US infrastructure investment key to better jobs, less hunger, Bread for the World recommends

Rev. David Beckmann, president of Bread for the World, singled out the report's call for infrastructure improvements — including better public transit to link areas of concentrated poverty to job centers. (Unsplash/Jon Flobrant)

A national investment in widespread infrastructure improvement would create jobs, raise wages and help create a more inclusive economy, which is key to eradicating hunger and poverty in the United States, a new policy recommendation by a Christian anti-hunger lobby says.

"The Jobs Challenge: Working to End Hunger by 2030" includes a host of policy prescriptions, ranging from infrastructure improvements to immigration reform to increasing the minimum wage. The latter would have an "accordion effect" on anyone working a low-wage job, said one of the experts who worked on the report.

The Rev. David Beckmann, president of Bread for the World, singled out the report's call for infrastructure improvements — including better public transit to link areas of concentrated poverty to job centers, and broadband internet to connect rural Americans with job opportunities — as steps he believes could be accomplished with bipartisan support from Congress within three years.

"There are ways to improve job opportunities for millions of low-wage people," said Beckmann, but newly passed work requirements for people receiving Medicaid benefits, and proposed changes to the farm bill that would subject people receiving food assistance to strict work requirement, are not among them.

"We should prioritize the infrastructure that would help struggling people. This is something to fight for. This you can actually see, this you could win," said Beckmann, who expressed optimism that there is support for those initiatives. "It's not just fighting off deep cuts, but these are ways you could improve the wages of low-wage people."

"Everybody recognizes our infrastructure has to be upgraded, and there's a tremendous opportunity to create jobs," said Todd Post, the report's senior editor. "We have ignored infrastructure for a long time, and there are real economic consequences."

The report, which was signed off on by more than 30 national religious leaders, usually gains wide circulation on Capitol Hill.

"I think there's recognition that the economy is not working for a lot of people in this country," said Post, "both among conservatives and democrats."

The report's policy recommendations fall under four broad categories:

  • Make the economy more inclusive by: improving infrastructure to spur productivity and job creation, investing in "human infrastructure" such as early childhood and nutrition programs and job training, reducing incarceration rates, and enacting legal protections for undocumented immigrants so they can contribute to the national economy.
  • Connect communities of concentrated poverty to opportunities by: improving public transportation, investing in high-speed internet for rural areas, and providing better financial services to small businesses and entrepreneurs.
  • Promote the dignity of work by: increasing the minimum wage, improving working conditions for low-income workers, and strengthening unemployment insurance.
  • Continue U.S. leadership on international policies that foster shared prosperity by: continuing to lead on trade, climate change, and Sustainable Development Goals; and strengthening U.S. assistance to fragile states.

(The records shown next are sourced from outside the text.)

lemma gpdG_invo_in: "is_gpdG C \<Longrightarrow> x \<in> Ob C \<Longrightarrow> invo C x \<in> Ob C"
  and gpdG_inva_in: "is_gpdG C \<Longrightarrow> f \<in> Ar C \<Longrightarrow> inva C f \<in> Ar C"
  and gpdG_Dom_inva: "is_gpdG C \<Longrightarrow> f \<in> Ar C \<Longrightarrow> Dom C (inva C f) = invo C (Dom C f)"
  and gpdG_Cod_inva: "is_gpdG C \<Longrightarrow> f \<in> Ar C \<Longrightarrow> Cod C (inva C f) = invo C (Cod C f)"
  and gpdG_inva_Idt: "is_gpdG C \<Longrightarrow> x \<in> Ob C \<Longrightarrow> inva C (Idt C x) = Idt C (invo C x)"
  and gpdG_inva_Comp: "is_gpdG C \<Longrightarrow> f \<in> Ar C \<Longrightarrow> g \<in> Ar C \<Longrightarrow> Cod C f = Dom C g \<Longrightarrow>
    inva C (Comp C g f) = Comp C (inva C g) (inva C f)"
  using functor_fo_in[OF gpdG_functor] functor_fa_in[OF gpdG_functor] functor_Dom[OF gpdG_functor]
    functor_Cod[OF gpdG_functor] functor_Idt[OF gpdG_functor] functor_Comp[OF gpdG_functor]
  by simp_all

lemma is_gpdGI:
  assumes "is_gpd C" "is_functor C C (inv_fnctr C)"
    "\<And>x. x \<in> Ob C \<Longrightarrow> invo C (invo C x) = x" "\<And>f. f \<in> Ar C \<Longrightarrow> inva C (inva C f) = f"
  shows "is_gpdG C"
  using assms unfolding is_gpdG_def by blast

lemma morG_gpdG_dom: "is_morG C D F \<Longrightarrow> is_gpdG C"
  and morG_gpdG_cod: "is_morG C D F \<Longrightarrow> is_gpdG D"
  and morG_functor: "is_morG C D F \<Longrightarrow> is_functor C D F"
  and morG_invo: "is_morG C D F \<Longrightarrow> x \<in> Ob C \<Longrightarrow> fo F (invo C x) = invo D (fo F x)"
  and morG_inva: "is_morG C D F \<Longrightarrow> f \<in> Ar C \<Longrightarrow> fa F (inva C f) = inva D (fa F f)"
  unfolding is_morG_def by blast+

lemma is_morGI:
  assumes "is_gpdG C" "is_gpdG D" "is_functor C D F"
    "\<And>x. x \<in> Ob C \<Longrightarrow> fo F (invo C x) = invo D (fo F x)"
    "\<And>f. f \<in> Ar C \<Longrightarrow> fa F (inva C f) = inva D (fa F f)"
  shows "is_morG C D F"
  using assms unfolding is_morG_def by blast

lemma pb_obj_simps:
  "(b, y) \<in> Ob (pb_obj B Y G P) \<longleftrightarrow> b \<in> Ob B \<and> y \<in> Ob Y \<and> fo G b = fo P y"
  "(u, v) \<in> Ar (pb_obj B Y G P) \<longleftrightarrow> u \<in> Ar B \<and> v \<in> Ar Y \<and> fa G u = fa P v"
  "Dom (pb_obj B Y G P) (u, v) = (Dom B u, Dom Y v)"
  "Cod (pb_obj B Y G P) (u, v) = (Cod B u, Cod Y v)"
  "Idt (pb_obj B Y G P) (b, y) = (Idt B b, Idt Y y)"
  "Comp (pb_obj B Y G P) (u', v') (u, v) = (Comp B u' u, Comp Y v' v)"
  "invo (pb_obj B Y G P) (b, y) = (invo B b, invo Y y)"
  "inva (pb_obj B Y G P) (u, v) = (inva B u, inva Y v)"
  by (simp_all add: pb_obj_def)

lemma pb_obj_ObE:
  assumes "p \<in> Ob (pb_obj B Y G P)"
  obtains b y where "p = (b, y)" "b \<in> Ob B" "y \<in> Ob Y" "fo G b = fo P y"
  using assms by (cases p) (simp add: pb_obj_simps)

lemma pb_obj_ArE:
  assumes "q \<in> Ar (pb_obj B Y G P)"
  obtains u v where "q = (u, v)" "u \<in> Ar B" "v \<in> Ar Y" "fa G u = fa P v"
  using assms by (cases q) (simp add: pb_obj_simps)

lemma pb_obj_is_gpdG:
  assumes G: "is_morG B Z G" and P: "is_morG Y Z P"
  shows "is_gpdG (pb_obj B Y G P)"
proof -
  let ?Q = "pb_obj B Y G P"
  have B: "is_gpdG B" and Y: "is_gpdG Y" and Z: "is_gpd Z"
    using G P by (simp_all add: morG_gpdG_dom morG_gpdG_cod gpdG_is_gpd)
  have Bg: "is_gpd B" and Yg: "is_gpd Y" using B Y by (simp_all add: gpdG_is_gpd)
  have Gf: "is_functor B Z G" and Pf: "is_functor Y Z P" using G P by (simp_all add: morG_functor)
  note laws = pb_obj_simps gpd_Dom_in gpd_Cod_in gpd_Idt_in gpd_Dom_Idt gpd_Cod_Idt gpd_Comp_in
    gpd_Dom_Comp gpd_Cod_Comp gpd_Comp_assoc gpd_Comp_Idt_left gpd_Comp_Idt_right
    functor_fo_in functor_fa_in functor_Dom functor_Cod functor_Idt functor_Comp
  have "is_gpd ?Q"
  proof (rule is_gpdI)
    fix q assume "q \<in> Ar ?Q"
    then obtain u v where q: "q = (u, v)" "u \<in> Ar B" "v \<in> Ar Y" and uv: "fa G u = fa P v"
      by (rule pb_obj_ArE)
    then show "Dom ?Q q \<in> Ob ?Q \<and> Cod ?Q q \<in> Ob ?Q"
      using functor_Dom[OF Gf q(2)] functor_Dom[OF Pf q(3)] functor_Cod[OF Gf q(2)] functor_Cod[OF Pf q(3)]
      by (simp add: pb_obj_simps gpd_Dom_in[OF Bg] gpd_Cod_in[OF Bg] gpd_Dom_in[OF Yg] gpd_Cod_in[OF Yg])
  next
    fix q assume "q \<in> Ar ?Q"
    then obtain u v where q: "q = (u, v)" "u \<in> Ar B" "v \<in> Ar Y" and uv: "fa G u = fa P v"
      by (rule pb_obj_ArE)
    obtain u' v' where u': "is_inverse B u' u" and v': "is_inverse Y v' v"
      using gpd_inverse_ex[OF Bg q(2)] gpd_inverse_ex[OF Yg q(3)] by blast
    have "fa G u' = fa P v'"
      using functor_is_inverse[OF Gf Bg q(2) u'] functor_is_inverse[OF Pf Yg q(3) v'] uv
        gpd_inverse_unique[OF Z functor_fa_in[OF Gf q(2)]] by simp
    then show "\<exists>q'. is_inverse ?Q q' q"
      using q u' v' by (intro exI[of _ "(u', v')"]) (auto simp: is_inverse_def pb_obj_simps)
  qed (use Bg Yg Gf Pf in \<open>auto elim!: pb_obj_ArE pb_obj_ObE simp: laws\<close>)
  moreover have "is_functor ?Q ?Q (inv_fnctr ?Q)"
    by (rule is_functorI)
      (use B Y G P in \<open>auto elim!: pb_obj_ArE pb_obj_ObE simp: pb_obj_simps gpdG_invo_in gpdG_inva_in
        gpdG_Dom_inva gpdG_Cod_inva gpdG_inva_Idt gpdG_inva_Comp morG_invo morG_inva\<close>)
  ultimately show ?thesis
    using B Y by (intro is_gpdGI) (auto elim!: pb_obj_ArE pb_obj_ObE simp: pb_obj_simps gpdG_invo_invo gpdG_inva_inva)
qed

abbreviation pair_fnctr ::
  "('eo, 'ea, 'bo, 'ba) fnctr \<Rightarrow> ('eo, 'ea, 'yo, 'ya) fnctr \<Rightarrow> ('eo, 'ea, 'bo \<times> 'yo, 'ba \<times> 'ya) fnctr" where
  "pair_fnctr F H \<equiv> \<lparr>fo = (\<lambda>x. (fo F x, fo H x)), fa = (\<lambda>f. (fa F f, fa H f))\<rparr>"

lemma pair_fnctr_morG:
  assumes F: "is_morG E B F" and H: "is_morG E Y H" and G: "is_morG B Z G" and P: "is_morG Y Z P"
    and "\<forall>x\<in>Ob E. fo P (fo H x) = fo G (fo F x)" and "\<forall>f\<in>Ar E. fa P (fa H f) = fa G (fa F f)"
  shows "is_morG E (pb_obj B Y G P) (pair_fnctr F H)"
proof (rule is_morGI)
  have Ff: "is_functor E B F" and Hf: "is_functor E Y H" using F H by (simp_all add: morG_functor)
  show "is_functor E (pb_obj B Y G P) (pair_fnctr F H)"
    by (rule is_functorI)
      (use assms(5,6) Ff Hf in \<open>auto simp: pb_obj_simps functor_fo_in functor_fa_in functor_Dom
        functor_Cod functor_Idt functor_Comp\<close>)
qed (use F H G P in \<open>auto simp: pb_obj_simps pb_obj_is_gpdG morG_gpdG_dom morG_invo morG_inva\<close>)

lemma inv_into_morG:
  assumes F: "is_morG C D F" and bo: "bij_betw (fo F) (Ob C) (Ob D)" and ba: "bij_betw (fa F) (Ar C) (Ar D)"
  shows "is_morG D C \<lparr>fo = inv_into (Ob C) (fo F), fa = inv_into (Ar C) (fa F)\<rparr>"
proof -
  define K where "K = \<lparr>fo = inv_into (Ob C) (fo F), fa = inv_into (Ar C) (fa F)\<rparr>"
  have C: "is_gpdG C" and D: "is_gpdG D" and Ff: "is_functor C D F"
    using F by (simp_all add: morG_gpdG_dom morG_gpdG_cod morG_functor)
  have Ko: "fo K y \<in> Ob C" "fo F (fo K y) = y" if "y \<in> Ob D" for y
    using that bo by (auto simp: K_def bij_betw_def inv_into_into f_inv_into_f)
  have Ka: "fa K g \<in> Ar C" "fa F (fa K g) = g" if "g \<in> Ar D" for g
    using that ba by (auto simp: K_def bij_betw_def inv_into_into f_inv_into_f)
  have Ko_eq: "fo K y = x" if "x \<in> Ob C" "fo F x = y" for x y
    using that bo by (simp add: K_def bij_betw_def inv_into_f_eq)
  have Ka_eq: "fa K g = f" if "f \<in> Ar C" "fa F f = g" for f g
    using that ba by (simp add: K_def bij_betw_def inv_into_f_eq)
  have "is_morG D C K"
  proof (rule is_morGI[OF D C])
    show "is_functor D C K"
    proof (rule is_functorI)
      fix g assume g: "g \<in> Ar D"
      show "fa K g \<in> Ar C \<and> Dom C (fa K g) = fo K (Dom D g) \<and> Cod C (fa K g) = fo K (Cod D g)"
        using Ka[OF g] functor_Dom[OF Ff, of "fa K g"] functor_Cod[OF Ff, of "fa K g"]
        by (auto intro!: Ko_eq[symmetric] gpd_Dom_in gpd_Cod_in gpdG_is_gpd[OF C])
    next
      fix y assume y: "y \<in> Ob D"
      show "fa K (Idt D y) = Idt C (fo K y)"
        using Ko[OF y] by (intro Ka_eq) (simp_all add: functor_Idt[OF Ff] gpd_Idt_in gpdG_is_gpd[OF C])
    next
      fix g g' assume g: "g \<in> Ar D" and g': "g' \<in> Ar D" and gg': "Cod D g = Dom D g'"
      have "Cod C (fa K g) = Dom C (fa K g')"
        using Ka[OF g] Ka[OF g'] gg' functor_Dom[OF Ff, of "fa K g'"] functor_Cod[OF Ff, of "fa K g"]
          gpd_Dom_in gpd_Cod_in gpdG_is_gpd[OF C] Ko_eq by metis
      then show "fa K (Comp D g' g) = Comp C (fa K g') (fa K g)"
        using Ka[OF g] Ka[OF g']
        by (intro Ka_eq) (simp_all add: functor_Comp[OF Ff] gpd_Comp_in gpdG_is_gpd[OF C])
    qed (use Ko in blast)
  qed (use Ko Ka Ko_eq Ka_eq morG_invo[OF F] morG_inva[OF F] gpdG_invo_in[OF C] gpdG_inva_in[OF C] in simp_all)
  then show ?thesis by (simp add: K_def)
qed

lemma is_isoG_iff_bij:
  "is_isoG C D F \<longleftrightarrow> is_morG C D F \<and> bij_betw (fo F) (Ob C) (Ob D) \<and> bij_betw (fa F) (Ar C) (Ar D)"
proof
  assume "is_isoG C D F"
  then obtain K where F: "is_morG C D F" and K: "is_morG D C K"
    and "\<forall>x\<in>Ob C. fo K (fo F x) = x" "\<forall>f\<in>Ar C. fa K (fa F f) = f"
      "\<forall>y\<in>Ob D. fo F (fo K y) = y" "\<forall>g\<in>Ar D. fa F (fa K g) = g"
    unfolding is_isoG_def by blast
  moreover have "fo F ` Ob C \<subseteq> Ob D" "fa F ` Ar C \<subseteq> Ar D" "fo K ` Ob D \<subseteq> Ob C" "fa K ` Ar D \<subseteq> Ar C"
    using morG_functor[OF F] morG_functor[OF K] by (auto simp: functor_fo_in functor_fa_in)
  ultimately show "is_morG C D F \<and> bij_betw (fo F) (Ob C) (Ob D) \<and> bij_betw (fa F) (Ar C) (Ar D)"
    by (auto intro!: bij_betw_byWitness)
next
  assume "is_morG C D F \<and> bij_betw (fo F) (Ob C) (Ob D) \<and> bij_betw (fa F) (Ar C) (Ar D)"
  then show "is_isoG C D F"
    unfolding is_isoG_def using inv_into_morG
    by (auto simp: bij_betw_def inv_into_f_f f_inv_into_f intro!: exI[of _
        "\<lparr>fo = inv_into (Ob C) (fo F), fa = inv_into (Ar C) (fa F)\<rparr>"])
qed

lemma is_pullback_square_iff:
  "is_pullback_square E B Y Z F H P G \<longleftrightarrow>
     is_morG E B F \<and> is_morG E Y H \<and> is_morG Y Z P \<and> is_morG B Z G \<and>
     (\<forall>x\<in>Ob E. fo P (fo H x) = fo G (fo F x)) \<and> (\<forall>f\<in>Ar E. fa P (fa H f) = fa G (fa F f)) \<and>
     bij_betw (fo (pair_fnctr F H)) (Ob E) (Ob (pb_obj B Y G P)) \<and>
     bij_betw (fa (pair_fnctr F H)) (Ar E) (Ar (pb_obj B Y G P))"
  unfolding is_pullback_square_def is_isoG_iff_bij by (auto intro: pair_fnctr_morG)

lemma discrete_fibration_lift:
  "discrete_fibration E B F \<Longrightarrow> x \<in> Ob E \<Longrightarrow> h \<in> Ar B \<Longrightarrow> Dom B h = fo F x \<Longrightarrow>
    \<exists>k. k \<in> Ar E \<and> Dom E k = x \<and> fa F k = h"
  unfolding discrete_fibration_def by blast

lemma discrete_fibration_unique:
  assumes "discrete_fibration E B F" "is_gpd E" "k \<in> Ar E" "k' \<in> Ar E"
    "Dom E k = Dom E k'" "fa F k = fa F k'"
  shows "k = k'"
proof -
  have "Dom B (fa F k) = fo F (Dom E k)" "fa F k \<in> Ar B"
    using assms(1,3) unfolding discrete_fibration_def by (auto simp: functor_Dom functor_fa_in)
  then show ?thesis
    using assms gpd_Dom_in[OF assms(2,3)] unfolding discrete_fibration_def by metis
qed

lemma discrete_fibration_pullback:
  assumes sq: "is_pullback_square E B Y Z F H P G" and P: "discrete_fibration Y Z P"
  shows "discrete_fibration E B F"
  unfolding discrete_fibration_def
proof (intro conjI ballI impI)
  let ?Q = "pb_obj B Y G P" and ?C = "pair_fnctr F H"
  have Ff: "is_functor E B F" and Hf: "is_functor E Y H" and Gf: "is_functor B Z G"
    and co: "\<forall>x\<in>Ob E. fo P (fo H x) = fo G (fo F x)" and ca: "\<forall>f\<in>Ar E. fa P (fa H f) = fa G (fa F f)"
    and bo: "bij_betw (fo ?C) (Ob E) (Ob ?Q)" and ba: "bij_betw (fa ?C) (Ar E) (Ar ?Q)"
    using sq by (simp_all add: is_pullback_square_iff morG_functor)
  have Eg: "is_gpd E" and Yg: "is_gpd Y"
    using sq unfolding is_pullback_square_def by (meson gpdG_is_gpd morG_gpdG_dom)+
  show "is_functor E B F" by fact
  fix x h assume x: "x \<in> Ob E" and h: "h \<in> Ar B" and hx: "Dom B h = fo F x"
  have "Dom Z (fa G h) = fo P (fo H x)" using functor_Dom[OF Gf h] hx co x by simp
  then obtain v where v: "v \<in> Ar Y" "Dom Y v = fo H x" "fa P v = fa G h"
    using discrete_fibration_lift[OF P functor_fo_in[OF Hf x] functor_fa_in[OF Gf h]] by blast
  then have "(h, v) \<in> fa ?C ` Ar E" using h ba by (simp add: pb_obj_simps bij_betw_def)
  then obtain k where k: "k \<in> Ar E" "fa F k = h" "fa H k = v" by force
  have "fo ?C (Dom E k) = fo ?C x"
    using k v hx functor_Dom[OF Ff k(1)] functor_Dom[OF Hf k(1)] by simp
  moreover have "Dom E k \<in> Ob E" using gpd_Dom_in[OF Eg k(1)] .
  ultimately have dk: "Dom E k = x"
    using bo x unfolding bij_betw_def by (blast dest: inj_onD)
  show "\<exists>!k. k \<in> Ar E \<and> Dom E k = x \<and> fa F k = h"
  proof (intro ex1I[of _ k])
    fix k' assume k': "k' \<in> Ar E \<and> Dom E k' = x \<and> fa F k' = h"
    have "fa H k' = v"
      using k' v ca functor_fa_in[OF Hf] functor_Dom[OF Hf]
      by (intro discrete_fibration_unique[OF P Yg]) auto
    then show "k' = k" using ba k k' by (auto simp: bij_betw_def inj_on_def)
  qed (use k dk in blast)
qed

The report, issued annually by the Bread for the World Institute, lays out a stark picture of the U.S. since 1980, where "rising inequality, declining economic mobility, and stagnant wages have eroded faith in democratic institutions."

While the top 1 percent of income earners have seen their earnings skyrocket in that time — averaging more than $1 million in 2014, according to the report — wages for most Americans have remained stagnant.

(Courtesy of Bread for the World)

"Since 1980, most gains are going to the rich," said Post. "This was not inevitable. There's nothing natural about it — it's not like continental drift. These are policies that are creating these inequalities."

Average inflation-adjusted incomes are worth less today than they were almost 50 years ago, he said, with those in the bottom half of the income percentile making an average of just $24,900 in 2014.

Trade policies and the 2017 tax cut, which funneled 83 percent of direct benefits to the top 1 percent of the income distribution and gave massive tax cuts to corporations, have contributed to this income inequality.

By contrast, other high-income countries invest a greater share of national income to help displaced workers adapt to changes in the economy, says the report, spending more on health, education and economic security and less on assistance programs.

The report notes that much of the progress made against hunger in the last 50 years has been due to federal programs such as SNAP (Supplemental Nutrition Assistance Program, formerly called food stamps) and the Earned Income Tax Credit, and not because the working poor are better able to afford food.

"If you look at the minimum wage, a minimum-wage worker working full time for a full year would have an income of about $15,000," Post said.

The federal minimum wage has been stuck at $7.25 since 2009, he noted, and is worth 27 percent less today than it was 50 years ago. If it had grown over the years with average wages, it would be $11.62 today, or $19.33 if it had grown with productivity. But it has done neither.

"With the help of food stamps or the Earned Income Tax Credit, if you're a parent, that would boost your income," Post added, "but it won't double your income."

[Julie Bourbon is an NCR contributor based in Washington, D.C.]

A version of this story appeared in the May 4-17, 2018 print issue under the headline: Bread for the World recommends US infrastructure investment.